Your assignment: Scan the data below for lines holding the word "auto", and copy each line found.

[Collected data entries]

(* Let $\operatorname{char}(k)\ne2$, $r\ge2$, $m\ge2$, $a_1,\dots,a_{r+1},b_1,\dots,b_m\in X$, $\mu=[a_{r+1},\dots,a_1]_R$, $\nu=[b_m,\dots,b_1]_R$. For all $i,j$ with $2\le i\le r+1$ and $2\le j\le m$, $$(\mu\circ\nu)\sim(-1)^{|a_i||a_{i-1}\cdots a_1b_m\cdots b_j|+|b_j||a_{i-1}\cdots a_1b_m\cdots b_{j+1}|}\,(\mu_{a_i\mapsto b_j}\circ\nu_{b_j\mapsto a_i}),$$ where $\mu_{a_i\mapsto b_j}$ is obtained from $\mu$ by replacing the letter $a_i$ (in position $i$) by $b_j$, and $\nu_{b_j\mapsto a_i}$ is obtained from $\nu$ by replacing $b_j$ (in position $j$) by $a_i$. In particular, if $r=m$, $a_1=b_1$ and $a_1\in X_1$, then $(\mu\circ\nu)\sim-(\mu\circ\nu)$, and consequently $(\mu\circ\nu)$ equals in $\mathrm{GDN}_s(X)$ a linear combination of terms of length $\ell(\mu)+\ell(\nu)$ and root number $>r(\mu)+r(\nu)=2$.
   Context: A GDN superalgebra is a superalgebra $\mathcal A=\mathcal A_0\oplus\mathcal A_1$ over a field $k$ (product $\circ$, $\mathcal A_i\circ\mathcal A_j\subseteq\mathcal A_{i+j}$ mod 2, $|x|=i$ for nonzero $x\in\mathcal A_i$) satisfying for homogeneous $x,y,z$: $x\circ(y\circ z)-(x\circ y)\circ z=(-1)^{|x||y|}(y\circ(x\circ z)-(y\circ x)\circ z)$ and $(x\circ y)\circ z=(-1)^{|y||z|}(x\circ z)\circ y$. $X=X_0\sqcup X_1$ is well-ordered, elements of $X_i$ have parity $i$, and $\mathrm{GDN}_s(X)$ is the free GDN superalgebra on $X$. Terms over $X$: letters of $X$ and products $(\mu\circ\nu)$ of terms, regarded as elements of $\mathrm{GDN}_s(X)$; length $\ell$ is the number of letters. $[\mu_1,\dots,\mu_n]_R=(\mu_1\circ(\cdots\circ(\mu_{n-1}\circ\mu_n)\cdots))$. Root number: $r(a)=0$ ($a\in X$), $r((\mu\circ\nu))=r(\mu)+1$ if $\nu\in X$, else $r(\mu)+r(\nu)$. For a string $a_1\cdots a_n$ of letters, $|a_1\cdots a_n|=|a_1|+\dots+|a_n|\pmod 2$, and the empty string has parity $0$. For terms $\mu,\nu$ with $r(\mu)=r(\nu)$, $\ell(\mu)=\ell(\nu)$ and nonzero $\alpha,\beta\in k$, write $\alpha\mu\sim\beta\nu$ if $\alpha\mu-\beta\nu=\sum_i\alpha_i\mu_i$ in $\mathrm{GDN}_s(X)$ for some $\alpha_i\in k$ and terms $\mu_i$ with $\ell(\mu_i)=\ell(\mu)$ and $r(\mu_i)>r(\mu)$. *)

theory Defs
  imports Main
begin

datatype 'x tm = Let 'x | Mul "'x tm" "'x tm"

fun len :: "'x tm \<Rightarrow> nat" where
  "len (Let a) = 1"
| "len (Mul u v) = len u + len v"

fun rn :: "'x tm \<Rightarrow> nat" where
  "rn (Let a) = 0"
| "rn (Mul u (Let a)) = rn u + 1"
| "rn (Mul u (Mul v w)) = rn u + rn (Mul v w)"

text \<open>Parity of a term, given the parity map p (True = odd, i.e. in X_1).\<close>
fun tpar :: "('x \<Rightarrow> bool) \<Rightarrow> 'x tm \<Rightarrow> bool" where
  "tpar p (Let a) = p a"
| "tpar p (Mul u v) = (tpar p u \<noteq> tpar p v)"

definition spar :: "('x \<Rightarrow> bool) \<Rightarrow> 'x list \<Rightarrow> bool" where
  "spar p xs = odd (length (filter p xs))"

definition sgn_of :: "bool \<Rightarrow> 'k::field" where
  "sgn_of e = (if e then -1 else 1)"

text \<open>Elements of the free nonassociative algebra k<X>: finitely supported
  functions from terms to k (finite support is tracked separately).\<close>
definition delta :: "'x tm \<Rightarrow> 'x tm \<Rightarrow> 'k::field" where
  "delta t = (\<lambda>s. if s = t then 1 else 0)"

definition vadd :: "('x tm \<Rightarrow> 'k::field) \<Rightarrow> ('x tm \<Rightarrow> 'k) \<Rightarrow> 'x tm \<Rightarrow> 'k" where
  "vadd f g = (\<lambda>s. f s + g s)"

definition vsmult :: "'k::field \<Rightarrow> ('x tm \<Rightarrow> 'k) \<Rightarrow> 'x tm \<Rightarrow> 'k" where
  "vsmult c f = (\<lambda>s. c * f s)"

definition vsub :: "('x tm \<Rightarrow> 'k::field) \<Rightarrow> ('x tm \<Rightarrow> 'k) \<Rightarrow> 'x tm \<Rightarrow> 'k" where
  "vsub f g = (\<lambda>s. f s - g s)"

definition lmul :: "'x tm \<Rightarrow> ('x tm \<Rightarrow> 'k::field) \<Rightarrow> 'x tm \<Rightarrow> 'k" where
  "lmul u f = (\<lambda>s. case s of Mul u' t \<Rightarrow> (if u' = u then f t else 0) | Let _ \<Rightarrow> 0)"

definition rmul :: "('x tm \<Rightarrow> 'k::field) \<Rightarrow> 'x tm \<Rightarrow> 'x tm \<Rightarrow> 'k" where
  "rmul f u = (\<lambda>s. case s of Mul t u' \<Rightarrow> (if u' = u then f t else 0) | Let _ \<Rightarrow> 0)"

text \<open>Generators of the defining ideal of GDN_s(X): the two super-identities
  instantiated at terms (which are homogeneous and span k<X>; the identities are
  trilinear, so this generates the same ideal as all homogeneous instances).\<close>
definition assoc_el :: "'x tm \<Rightarrow> 'x tm \<Rightarrow> 'x tm \<Rightarrow> 'x tm \<Rightarrow> 'k::field" where
  "assoc_el x y z = vsub (delta (Mul x (Mul y z))) (delta (Mul (Mul x y) z))"

definition gen1 :: "('x \<Rightarrow> bool) \<Rightarrow> 'x tm \<Rightarrow> 'x tm \<Rightarrow> 'x tm \<Rightarrow> 'x tm \<Rightarrow> 'k::field" where
  "gen1 p x y z = vsub (assoc_el x y z)
      (vsmult (sgn_of (tpar p x \<and> tpar p y)) (assoc_el y x z))"

definition gen2 :: "('x \<Rightarrow> bool) \<Rightarrow> 'x tm \<Rightarrow> 'x tm \<Rightarrow> 'x tm \<Rightarrow> 'x tm \<Rightarrow> 'k::field" where
  "gen2 p x y z = vsub (delta (Mul (Mul x y) z))
      (vsmult (sgn_of (tpar p y \<and> tpar p z)) (delta (Mul (Mul x z) y)))"

inductive gdn_ideal :: "('x \<Rightarrow> bool) \<Rightarrow> ('x tm \<Rightarrow> 'k::field) \<Rightarrow> bool" for p where
  g1: "gdn_ideal p (gen1 p x y z)"
| g2: "gdn_ideal p (gen2 p x y z)"
| zero: "gdn_ideal p (\<lambda>_. 0)"
| add: "gdn_ideal p f \<Longrightarrow> gdn_ideal p g \<Longrightarrow> gdn_ideal p (vadd f g)"
| smult: "gdn_ideal p f \<Longrightarrow> gdn_ideal p (vsmult c f)"
| lmult: "gdn_ideal p f \<Longrightarrow> gdn_ideal p (lmul u f)"
| rmult: "gdn_ideal p f \<Longrightarrow> gdn_ideal p (rmul f u)"

definition gdn_eq :: "('x \<Rightarrow> bool) \<Rightarrow> ('x tm \<Rightarrow> 'k::field) \<Rightarrow> ('x tm \<Rightarrow> 'k) \<Rightarrow> bool" where
  "gdn_eq p f g \<longleftrightarrow> gdn_ideal p (vsub f g)"

definition lincomb_of :: "('x \<Rightarrow> bool) \<Rightarrow> ('x tm \<Rightarrow> 'k::field) \<Rightarrow> ('x tm \<Rightarrow> bool) \<Rightarrow> bool" where
  "lincomb_of p f P \<longleftrightarrow> (\<exists>c :: 'x tm \<Rightarrow> 'k. finite {t. c t \<noteq> 0} \<and>
       (\<forall>t. c t \<noteq> 0 \<longrightarrow> P t) \<and> gdn_eq p f c)"

definition sim :: "('x \<Rightarrow> bool) \<Rightarrow> 'k::field \<Rightarrow> 'x tm \<Rightarrow> 'k \<Rightarrow> 'x tm \<Rightarrow> bool" where
  "sim p \<alpha> \<mu> \<beta> \<nu> \<longleftrightarrow> rn \<mu> = rn \<nu> \<and> len \<mu> = len \<nu> \<and> \<alpha> \<noteq> 0 \<and> \<beta> \<noteq> 0 \<and>
     lincomb_of p (vsub (vsmult \<alpha> (delta \<mu>)) (vsmult \<beta> (delta \<nu>)))
        (\<lambda>t. len t = len \<mu> \<and> rn t > rn \<mu>)"

text \<open>Right-normed term [a_n, a_(n-1), ..., a_1]_R built from a : nat => 'x.\<close>
fun rnormed :: "(nat \<Rightarrow> 'x) \<Rightarrow> nat \<Rightarrow> 'x tm" where
  "rnormed a n = (if n \<le> 1 then Let (a 1) else Mul (Let (a n)) (rnormed a (n - 1)))"

end

theory Submission
  imports Defs
begin

text \<open>
  Work modulo terms of the same length and larger root number. The super left-symmetry, applied
  to two letters, lets a letter of a right-normed word move past its neighbour at the cost of a
  Koszul sign, because the associator terms \<open>(x \<circ> y) \<circ> z\<close> have larger root number; so any letter
  can be brought to the front and back again. The letters \<open>a\<^sub>i\<close> and \<open>b\<^sub>j\<close>, once at the front
  of their factors, are exchanged by right commutativity, left symmetry and right commutativity
  again. If \<open>r = m\<close> and \<open>a\<^sub>1 = b\<^sub>1\<close> is odd, right commutativity exchanges the factors of
  \<open>(a\<^sub>r\<^sub>+\<^sub>1 \<circ> \<mu>') \<circ> \<nu>\<close>, and swapping the letters of \<open>\<mu>'\<close> and \<open>\<nu>\<close> pairwise restores the
  original term with total sign \<open>-1\<close>; dividing by 2 expresses it through terms of higher root number.
\<close>

lemma lincomb_of_add:
  assumes "lincomb_of p f P" "lincomb_of p g P"
  shows "lincomb_of p (vadd f g) P"
proof -
  from assms obtain c d
    where c: "finite {t. c t \<noteq> 0}" "\<forall>t. c t \<noteq> 0 \<longrightarrow> P t" "gdn_ideal p (vsub f c)"
      and d: "finite {t. d t \<noteq> 0}" "\<forall>t. d t \<noteq> 0 \<longrightarrow> P t" "gdn_ideal p (vsub g d)"
    unfolding lincomb_of_def gdn_eq_def by blast
  have "vsub (vadd f g) (vadd c d) = vadd (vsub f c) (vsub g d)"
    by (auto simp: vsub_def vadd_def)
  with c d have "gdn_ideal p (vsub (vadd f g) (vadd c d))"
    by (simp add: gdn_ideal.add)
  moreover have "{t. vadd c d t \<noteq> 0} \<subseteq> {t. c t \<noteq> 0} \<union> {t. d t \<noteq> 0}"
    by (auto simp: vadd_def)
  then have "finite {t. vadd c d t \<noteq> 0}"
    using c(1) d(1) by (meson finite_UnI finite_subset)
  moreover have "\<forall>t. vadd c d t \<noteq> 0 \<longrightarrow> P t"
    using c(2) d(2) by (metis vadd_def add.right_neutral)
  ultimately show ?thesis
    unfolding lincomb_of_def gdn_eq_def by blast
qed

lemma lincomb_of_smult:
  assumes "lincomb_of p f P"
  shows "lincomb_of p (vsmult a f) P"
proof -
  from assms obtain c
    where c: "finite {t. c t \<noteq> 0}" "\<forall>t. c t \<noteq> 0 \<longrightarrow> P t" "gdn_ideal p (vsub f c)"
    unfolding lincomb_of_def gdn_eq_def by blast
  have "vsub (vsmult a f) (vsmult a c) = vsmult a (vsub f c)"
    by (auto simp: vsub_def vsmult_def algebra_simps)
  with c have "gdn_ideal p (vsub (vsmult a f) (vsmult a c))"
    by (simp add: gdn_ideal.smult)
  moreover have "{t. vsmult a c t \<noteq> 0} \<subseteq> {t. c t \<noteq> 0}"
    by (auto simp: vsmult_def)
  then have "finite {t. vsmult a c t \<noteq> 0}"
    using c(1) by (rule finite_subset)
  moreover have "\<forall>t. vsmult a c t \<noteq> 0 \<longrightarrow> P t"
    using c(2) by (auto simp: vsmult_def)
  ultimately show ?thesis
    unfolding lincomb_of_def gdn_eq_def by blast
qed

lemma lincomb_of_diff:
  assumes "lincomb_of p f P" "lincomb_of p g P"
  shows "lincomb_of p (vsub f g) P"
proof -
  have "vsub f g = vadd f (vsmult (-1) g)"
    by (simp add: fun_eq_iff vsub_def vadd_def vsmult_def)
  with assms show ?thesis
    by (simp add: lincomb_of_add lincomb_of_smult)
qed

Response box:
    by (auto simp: vsub_def vadd_def)
    by (auto simp: vadd_def)
    by (auto simp: vsub_def vsmult_def algebra_simps)
    by (auto simp: vsmult_def)
    using c(2) by (auto simp: vsmult_def)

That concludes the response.